Complete resolution of pure red cell aplasia in a patient with chronic lymphocytic leukemia following antithymocyte globulin therapy

C. A. Radosevich, L. I. Gordon, S. C. Weil, R. J. Marder and S. T. Rosen
Department of Medicine, Northwestern University, Chicago, IL 60611.

Pure red cell aplasia has been reported to be associated with chronic lymphocytic leukemia. It has been proposed that this complication may be a result of T-cell populations that suppress erythropoiesis. It has been postulated that antithymocyte globulin might reverse this abnormality by eliminating the population of suppressor T cells responsible for this inhibition. We treated a 74-year-old man who had B-cell chronic lymphocytic leukemia and pure red cell aplasia that was refractory to cytotoxic and corticosteroid therapy with equine antithymocyte globulin and methylprednisolone sodium succinate.
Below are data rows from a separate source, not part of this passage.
lemma cocentre_eq_C_swap:
  assumes "k \<in> {1..n}" and "j \<in> {1..n}" and "k \<noteq> j"
  shows "cocentre_eq n u (p @ C k # C j # q) (p @ C j # C k # q) (-1)"
proof -
  have "fa_add (mon [C k, C j]) (mon [C j, C k]) \<in> hc_rels n u"
    using assms unfolding hc_rels_def by blast
  from cocentre_eq_of_rel_add[OF this] show ?thesis by simp
qed

lemma cocentre_eq_S_C:
  assumes "i \<in> {1..<n}" and "k \<in> {1..n}"
  shows "cocentre_eq n u (p @ S i # C k # q) (p @ C (tr i k) # S i # q) 1"
proof -
  have "fa_sub (mon [S i, C k]) (mon [C (tr i k), S i]) \<in> hc_rels n u"
    using assms unfolding hc_rels_def by blast
  from cocentre_eq_of_rel_sub[OF this] show ?thesis by simp
qed

lemma cocentre_eq_C_S:
  assumes "i \<in> {1..<n}" and "k \<in> {1..n}"
  shows "cocentre_eq n u (p @ C k # S i # q) (p @ S i # C (tr i k) # q) 1"
proof -
  have "cocentre_eq n u (p @ S i # C (tr i k) # q) (p @ C (tr i (tr i k)) # S i # q) 1"
    using assms by (intro cocentre_eq_S_C tr_mem)
  from cocentre_eq_sym[OF this] show ?thesis by (simp add: tr_tr)
qed

lemma cocentre_eq_S_commute:
  assumes "i \<in> {1..<n}" and "j \<in> {1..<n}" and "i + 1 < j \<or> j + 1 < i"
  shows "cocentre_eq n u (p @ S i # S j # q) (p @ S j # S i # q) 1"
proof -
  have "fa_sub (mon [S i, S j]) (mon [S j, S i]) \<in> hc_rels n u"
    using assms unfolding hc_rels_def by blast
  from cocentre_eq_of_rel_sub[OF this] show ?thesis by simp
qed

lemma cocentre_eq_C_past_S_word:
  "set rs \<subseteq> {1..<n} \<Longrightarrow> k \<in> {1..n} \<Longrightarrow>
    cocentre_eq n u (p @ C k # map S rs @ q) (p @ map S rs @ C (fold tr rs k) # q) 1"
proof (induction rs arbitrary: p k)
  case Nil
  then show ?case by (simp add: cocentre_eq_refl)
next
  case (Cons i rs)
  have 1: "cocentre_eq n u (p @ C k # S i # map S rs @ q) (p @ S i # C (tr i k) # map S rs @ q) 1"
    using Cons.prems by (intro cocentre_eq_C_S) auto
  have 2: "cocentre_eq n u ((p @ [S i]) @ C (tr i k) # map S rs @ q)
      ((p @ [S i]) @ map S rs @ C (fold tr rs (tr i k)) # q) 1"
    using Cons.prems by (intro Cons.IH tr_mem) auto
  show ?case
    using cocentre_eq_trans[OF 1 2] by simp
qed

lemma cocentre_eq_C_word_past_S_word:
  "set rs \<subseteq> {1..<n} \<Longrightarrow> set L \<subseteq> {1..n} \<Longrightarrow>
    cocentre_eq n u (p @ map C L @ map S rs @ q) (p @ map S rs @ map C (map (fold tr rs) L) @ q) 1"
proof (induction L arbitrary: p)
  case Nil
  then show ?case by (simp add: cocentre_eq_refl)
next
  case (Cons k L)
  have 1: "cocentre_eq n u ((p @ [C k]) @ map C L @ map S rs @ q)
      ((p @ [C k]) @ map S rs @ map C (map (fold tr rs) L) @ q) 1"
    using Cons.IH[of "p @ [C k]"] Cons.prems by simp
  have 2: "cocentre_eq n u (p @ C k # map S rs @ map C (map (fold tr rs) L) @ q)
      (p @ map S rs @ C (fold tr rs k) # map C (map (fold tr rs) L) @ q) 1"
    using Cons.prems by (intro cocentre_eq_C_past_S_word) auto
  show ?case
    using cocentre_eq_trans[OF 1 2] by simp
qed

lemma cocentre_eq_S_past_S_word:
  "set rs \<subseteq> {1..<n} \<Longrightarrow> i \<in> {1..<n} \<Longrightarrow> \<forall>j\<in>set rs. i + 1 < j \<or> j + 1 < i \<Longrightarrow>
    cocentre_eq n u (p @ S i # map S rs @ q) (p @ map S rs @ S i # q) 1"
proof (induction rs arbitrary: p)
  case Nil
  then show ?case by (simp add: cocentre_eq_refl)
next
  case (Cons j rs)
  have 1: "cocentre_eq n u (p @ S i # S j # map S rs @ q) (p @ S j # S i # map S rs @ q) 1"
    using Cons.prems by (intro cocentre_eq_S_commute) auto
  have 2: "cocentre_eq n u ((p @ [S j]) @ S i # map S rs @ q) ((p @ [S j]) @ map S rs @ S i # q) 1"
    using Cons.IH[of "p @ [S j]"] Cons.prems by simp
  show ?case
    using cocentre_eq_trans[OF 1 2] by simp
qed
lemma ker_at_decompose_gen_coord_zero:
  fixes f :: "'j::order \<Rightarrow> 'k::field mat"
  assumes f: "nat_trans (free_rep gP) (free_rep gQ) f"
    and k: "k \<in> ker_at (free_rep gP) (free_rep gQ) f (gP ! i)"
    and k_coord: "gen_coord (gens_le gP (gP ! i)) k i \<noteq> 0"
    and v: "v \<in> carrier_vec (length (gens_le gP x))"
  obtains u w where "u \<in> carrier_vec (length (gens_le gP x))" "gen_coord (gens_le gP x) u i = 0"
    "w \<in> ker_at (free_rep gP) (free_rep gQ) f x" "v = u + w"
proof (cases "gP ! i \<le> x")
  case True
  define c where "c = gen_coord (gens_le gP (gP ! i)) k i"
  define w
    where "w = (gen_coord (gens_le gP x) v i / c) \<cdot>\<^sub>v (rmap (free_rep gP) (gP ! i) x *\<^sub>v k)"
  have kc: "k \<in> carrier_vec (length (gens_le gP (gP ! i)))" using k by (simp add: ker_at_def)
  have w: "w \<in> ker_at (free_rep gP) (free_rep gQ) f x"
    unfolding w_def by (intro ker_at_smult[OF f] ker_at_free_rep_transition[OF f True k])
  then have wc: "w \<in> carrier_vec (length (gens_le gP x))" by (simp add: ker_at_def)
  have "gen_coord (gens_le gP x) w i = gen_coord (gens_le gP x) v i"
    using kc True k_coord by (simp add: w_def gen_coord_smult gen_coord_free_rep_transition c_def)
  then have "gen_coord (gens_le gP x) (v - w) i = 0" using v wc by (simp add: gen_coord_diff)
  show thesis
  proof (rule that[of "v - w" w])
    show "v = (v - w) + w" using v wc by (intro eq_vecI) auto
  qed (use v wc w \<open>gen_coord (gens_le gP x) (v - w) i = 0\<close> in simp_all)
next
  case False
  then have "gen_coord (gens_le gP x) v i = 0" by (simp add: gen_coord_notin set_gens_le)
  moreover have "0\<^sub>v (length (gens_le gP x)) \<in> ker_at (free_rep gP) (free_rep gQ) f x"
    using nat_trans_carrier[OF f, of x] by (auto simp: ker_at_def)
  ultimately show thesis using that[of v "0\<^sub>v (length (gens_le gP x))"] v by simp
qed
(* For every $m\ge1$, $\theta_m=\mathrm{tr}_{1,\dots,m}\,\overline{\mathcal M}_m$, where $$\overline{\mathcal M}_m=(\mathcal L_m)^{\rightarrow}\big(\mathcal T_{m-1\,m}+P_{m-1\,m}(\mathcal L_{m-1})^{\rightarrow}\big)\cdots\big(\mathcal T_{12}+P_{12}(\mathcal L_1)^{\rightarrow}\big)\,1,$$ the operators being applied consecutively from right to left with $(\mathcal T_{a\,a+1}+P_{a\,a+1}(\mathcal L_a)^{\rightarrow})X:=\mathcal T_{a\,a+1}X+P_{a\,a+1}X\mathcal L_a$ and $(\mathcal L_m)^{\rightarrow}X:=X\mathcal L_m$, and the trace taken over all $m$ copies of $\mathrm{End}\,\mathbb C^N$.
   Context: $E_{ij}$ is the standard basis of $\mathfrak{gl}_N$, $e_{ij}$ matrix units; $E_{ij}[r]=E_{ij}t^r$ in the loop algebra; $\widehat{\mathfrak g}^{+}=\mathfrak b^+\oplus t^{-1}\mathfrak{gl}_N[t^{-1}]$ with $\mathfrak b^+$ spanned by $E_{ij}$, $i\le j$; $\mathrm{sgn}(0)=0$. $\mathcal L^+(u)=\sum_{i,j}e_{ij}\otimes\mathcal L^+_{ij}(u)$, $\mathcal L^+_{ij}(u)=\sum_{n\ge0}\mathcal L^+_{ij}[-n]u^n$, $\mathcal L^+_{ij}[-n]=-2E_{ij}[-n]$ ($n\ge1$), $\mathcal L^+_{ij}[0]=-(1+\mathrm{sgn}(j-i))E_{ij}$. In $\mathrm U(\widehat{\mathfrak g}^{+})[[u,\partial_u]]$, $\partial_u$ commutes with $\mathrm U(\widehat{\mathfrak g}^{+})$ and $\partial_ug(u)=g(u)\partial_u+g'(u)$. $\mathcal L=2u\partial_u\cdot I-\mathcal L^+(u)$. $P=\sum_{i,j}e_{ij}\otimes e_{ji}$, $\mathcal T=\sum_{i,j}\mathrm{sgn}(j-i)e_{ij}\otimes e_{ji}$; subscripts denote tensor copies of $\mathrm{End}\,\mathbb C^N$. $T(y)=\sum_i e_{ii}\otimes e_{ii}+\frac1{1-y}\sum_{i<j}e_{ij}\otimes e_{ji}+\frac1{1+y}\sum_{i>j}e_{ij}\otimes e_{ji}$ as a power series in $y$, and $\theta_m$ is defined by $\sum_{m\ge1}\theta_my^m=\sum_{s\ge1}y^s\,\mathrm{tr}_{1,\dots,s}T_{s-1\,s}(y)\cdots T_{12}(y)\mathcal L_1\cdots\mathcal L_s$. *)

theory Defs
  imports Complex_Main "HOL-Computational_Algebra.Formal_Power_Series"
begin

(* Elements of  End(C^N)^{\<otimes> m} \<otimes> A  (A an associative unital ring) are represented by
   their matrix entries X I J, where I = [i_1,...,i_m], J = [j_1,...,j_m] are multi-indices
   with entries in {0..<N}; X = sum over I J of e_{i_1 j_1} \<otimes> ... \<otimes> e_{i_m j_m} \<otimes> X I J.
   Tensor copies are numbered 1..m (copy a is list position a-1). *)

type_synonym 'a tmat = "nat list \<Rightarrow> nat list \<Rightarrow> 'a"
This therapy resulted in a durable complete remission of both the chronic lymphocytic leukemia and the pure red cell aplasia and was associated with normalization of helper/suppressor T-cell ratios in the bone marrow. Antithymocyte globulin should be investigated further as a therapeutic modality for patients with pure red cell aplasia associated with chronic lymphocytic leukemia.